Juneteenth is now a Texas state holiday celebrated on June 19. The name came about because the affected people, slaves, were denied the tools of literacy and used an oral tradition. And while Lincoln might applaud the election of a Black president 145 years after his Proclamation, he might weep at the emotional and economic bondage that continues to enchain our nation.

 

There isn’t a day that passes without a reminder of the racism affecting my own heritage. My father’s family farmed along the Green River and sold vegetables at Pike Place Market until they were sent to an internment camp during World War II. On February 19, 1942, President Franklin D. Roosevelt signed Executive Order 9066. By June, more than 110,000 Japanese-American citizens were relocated to internment camps built and operated by the U.S. military. They would survive under the glare of barrel and bayonet.

 

My family’s story is the story of so many families in our region: a story of hard work and courage, of continuing struggle for equality. Many families in today’s Seattle likewise found themselves behind barbed wire, enslaved or indentured. But whether we came in chains or by choice, in freedom or in fear, we live today in pursuit of the American Dream. That Dream continues to be denied to far too many among us.

 

Tragically, it seems changing culture remains difficult. As we have witnessed from the wretched defense of the use of a racial slur for the name of Washington D.C.’s professional football team, too many in our society continue to justify such a “tradition”, to glory in the subjugation of an entire race. In a show of courage, the Seattle Times Sports Editor Don Shelton banned the use of the team name. The fallout makes me weep.
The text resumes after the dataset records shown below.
lemma K_surj:
  assumes s: "1 \<le> s"
  shows "\<exists>R. 0 < R \<and> R \<le> 1 \<and> K R = s"
proof -
  \<comment> \<open>K R \<ge> e^(-1/2)/R, so K r \<ge> s for r = e^(-1/2)/s.\<close>
  define r where "r = exp (-1/2) / s"
  have r0: "0 < r" using s r_def by simp
  have "exp (-1/2::real) < 1" by simp
  then have "exp (-1/2) \<le> s" using s by linarith
  then have r1: "r \<le> 1" using s r_def by (simp add: divide_le_eq)
  have "exp (-1/2) \<le> exp ((r^2 - 1)/2)" by simp
  then have "s \<le> K r" using r0 s unfolding K_def r_def by (simp add: field_simps)
  then obtain R where "r \<le> R" "R \<le> 1" "K R = s"
    using IVT2[of K 1 s r] r1 r0 s isCont_K by force
  then show ?thesis using r0 by (auto intro!: exI[of _ R])
qed

lemma Rminus:
  assumes "1 \<le> s"
  shows "0 < Rminus s" "Rminus s \<le> 1" "K (Rminus s) = s"
proof -
  obtain R where R: "0 < R \<and> R \<le> 1 \<and> K R = s" using K_surj assms by blast
  have "0 < Rminus s \<and> Rminus s \<le> 1 \<and> K (Rminus s) = s"
    unfolding Rminus_def by (rule theI[of _ R]) (use R inj_onD[OF K_inj_on] in auto)
  then show "0 < Rminus s" "Rminus s \<le> 1" "K (Rminus s) = s" by auto
qed

lemma Rminus_K:
  assumes "0 < R" "R \<le> 1"
  shows "Rminus (K R) = R"
proof -
  have "1 \<le> K R" using K_strict_antimono[of R 1] assms by (cases "R = 1") auto
  then show ?thesis using Rminus[of "K R"] inj_onD[OF K_inj_on] assms by auto
qed

lemma Rminus_less_1: "1 < s \<Longrightarrow> Rminus s < 1"
  using Rminus[of s] by (metis K_1 order.order_iff_strict order.strict_implies_order)

lemma isCont_Rminus:
  assumes s: "1 < s"
  shows "isCont Rminus s"
proof -
  define x where "x = Rminus s"
  have x0: "0 < x" and x1: "x < 1" and Kx: "K x = s"
    using Rminus[of s] Rminus_less_1[OF s] s x_def by auto
  define d where "d = min (x/2) ((1 - x)/2)"
  have d: "0 < d" using x0 x1 d_def by simp
  have near_x: "0 < z \<and> z \<le> 1" if "\<bar>z - x\<bar> \<le> d" for z
  proof -
    have "z - x \<le> d" "x - z \<le> d" using that by (auto simp: abs_le_iff)
    moreover have "d \<le> x/2" "d \<le> (1 - x)/2" unfolding d_def by (rule min.cobounded1, rule min.cobounded2)
    ultimately show ?thesis using x0 x1 by auto
  qed
  have "isCont Rminus (K x)"
    by (rule isCont_inverse_function[OF d]) (auto dest: near_x intro!: Rminus_K isCont_K)
  then show ?thesis using Kx by simp
qed

definition majorant :: "real \<Rightarrow> real" where
  "majorant s = 1 + (43/100 + 3/10 / s^2) / (s * sqrt (s^2 - 1))"

lemma inverse_le_majorant:
  assumes y0: "0 < y" and y1: "y < 1" and s: "1 < s" and eq: "(1 - y) * exp y * s^2 = 1"
  shows "1 / y \<le> majorant s"
proof -
  define u where "u = exp y"
  define A where "A = 43/100 + 3/10 / s^2"
  define D where "D = s * sqrt (s^2 - 1)"
  have s2: "1 < s^2" using s by (simp add: one_less_power)
  have D0: "0 < D" using s s2 D_def by simp
  have A0: "0 < A" unfolding A_def by (intro add_pos_nonneg) auto
  have eq': "(1 - y) * u * s^2 = 1" using eq unfolding u_def .
  have inv_s2: "1 / s^2 = (1 - y) * u" using eq' s by (simp add: field_simps)
  have "((1 - y) * D)^2 * u^2 = ((1 - y) * u * s^2) * ((1 - y) * u * (s^2 - 1))"
    using s2 by (simp add: D_def power_mult_distrib power2_eq_square)
  also have "\<dots> = 1 - (1 - y) * u" unfolding right_diff_distrib eq' by simp
  also have "\<dots> \<le> y^2 * (u * (43/100 + 3/10 * (1 - y) * u))^2"
    using one_minus_mult_exp_le[OF y0 y1] by (simp add: u_def)
  also have "\<dots> = (y * A)^2 * u^2"
  proof -
    have "A = 43/100 + 3/10 * (1 / s^2)" by (simp add: A_def)
    then have Au: "u * (43/100 + 3/10 * (1 - y) * u) = A * u" unfolding inv_s2 by (simp add: algebra_simps)
    have "y^2 * (u * (43/100 + 3/10 * (1 - y) * u))^2 = y^2 * (A * u)^2" unfolding Au ..
    also have "\<dots> = (y * A)^2 * u^2" by (simp add: power_mult_distrib)
    finally show ?thesis .
  qed
  finally have "((1 - y) * D)^2 \<le> (y * A)^2" by (simp add: u_def)
  then have "(1 - y) * D \<le> y * A" by (rule power2_le_imp_le) (use y0 A0 in simp)
  then have "(1 - y) / y \<le> A / D" using y0 D0 by (simp add: divide_simps mult.commute)
  moreover have "1 / y = 1 + (1 - y) / y" using y0 by (simp add: diff_divide_distrib)
  ultimately show ?thesis by (simp add: majorant_def A_def D_def)
qed

lemma Rminus_le_majorant:
  assumes s: "1 < s"
  shows "0 < 1 / (1 - (Rminus s)^2)" and "1 / (1 - (Rminus s)^2) \<le> majorant s"
proof -
  have R0: "0 < Rminus s" and R1: "Rminus s < 1" and KR: "K (Rminus s) = s"
    using Rminus[of s] Rminus_less_1[OF s] s by auto
  have y0: "0 < 1 - (Rminus s)^2" using R0 R1 by (simp add: power_less_one_iff)
  then show "0 < 1 / (1 - (Rminus s)^2)" by simp
  have "(1 - (1 - (Rminus s)^2)) * exp (1 - (Rminus s)^2) * s^2 = 1"
    using K_sq_eq[OF R0] KR by simp
  then show "1 / (1 - (Rminus s)^2) \<le> majorant s"
    using inverse_le_majorant[OF y0 _ s] R0 by simp
qed

lemma isCont_DeltaTheta_integrand:
  assumes s: "1 < s"
  shows "isCont (\<lambda>s. 1 / (1 - (Rminus s)^2)) s"
proof -
  have "(Rminus s)^2 < 1"
    using Rminus[of s] Rminus_less_1[OF s] s by (simp add: power_less_one_iff)
  then show ?thesis by (intro continuous_intros isCont_Rminus[OF s]) simp
qed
Thousands of residents of Seattle and King County continue to defend discrimination, to rationalize racism.

 

As a professor, I believe in the enlightenment of education and the humility found in history.

 

June 12, 1755, Lieutenant Governor Spencer Phips of Massachusetts Bay colony offered a bounty of £40 for the scalp of a Native American male, and £20 for scalps of females or of children under 12 years old. Trappers would bring in Indian scalps along with the animal skins they had trapped or shot selling them at trading posts and government offices. Some in the community found “scalp” offensive, and trappers started using the term "redskin"; they would sell their beaver skins, their bear skins, their "redskins."

 

Telling the true, bloody and painful story of our past is important for us all to improve the future. It is through the oral tradition that we honor the emotion, the brutality, the gut-wrenching savagery of the worst of our culture. And it is why Juneteenth offers all Americans the chance to break from bondage, regardless of their ethnicity, race or culture.

 

And we take hope. This past legislative session, the Respecting Holidays of Faith and Conscience Act bill passed. Bill sponsor Sen. Bob Hasegawa introduced SB 5173, which allows public employees and students of public schools, colleges and universities to celebrate two holidays of their faith or their conscience. SB 5173 passed unanimously in the Senate. But a full one-third of the State House of Representatives voted to deny people of faith or conscience these holidays. But when I wonder why, I am reminded that millions of Americans, perhaps a majority, are simply unaware of our own sad history of denying freedoms and rights to others not like themselves.

 

For those who find their conscience calls upon them to celebrate Juneteenth, to celebrate the day that a Racial Slur Football Team is denied its trademark, to celebrate the end of internment or release from a Concentration Camp, let us all celebrate in this shared freedom.

 If Texas can make Juneteenth a holiday, so can we. Let's celebrate that.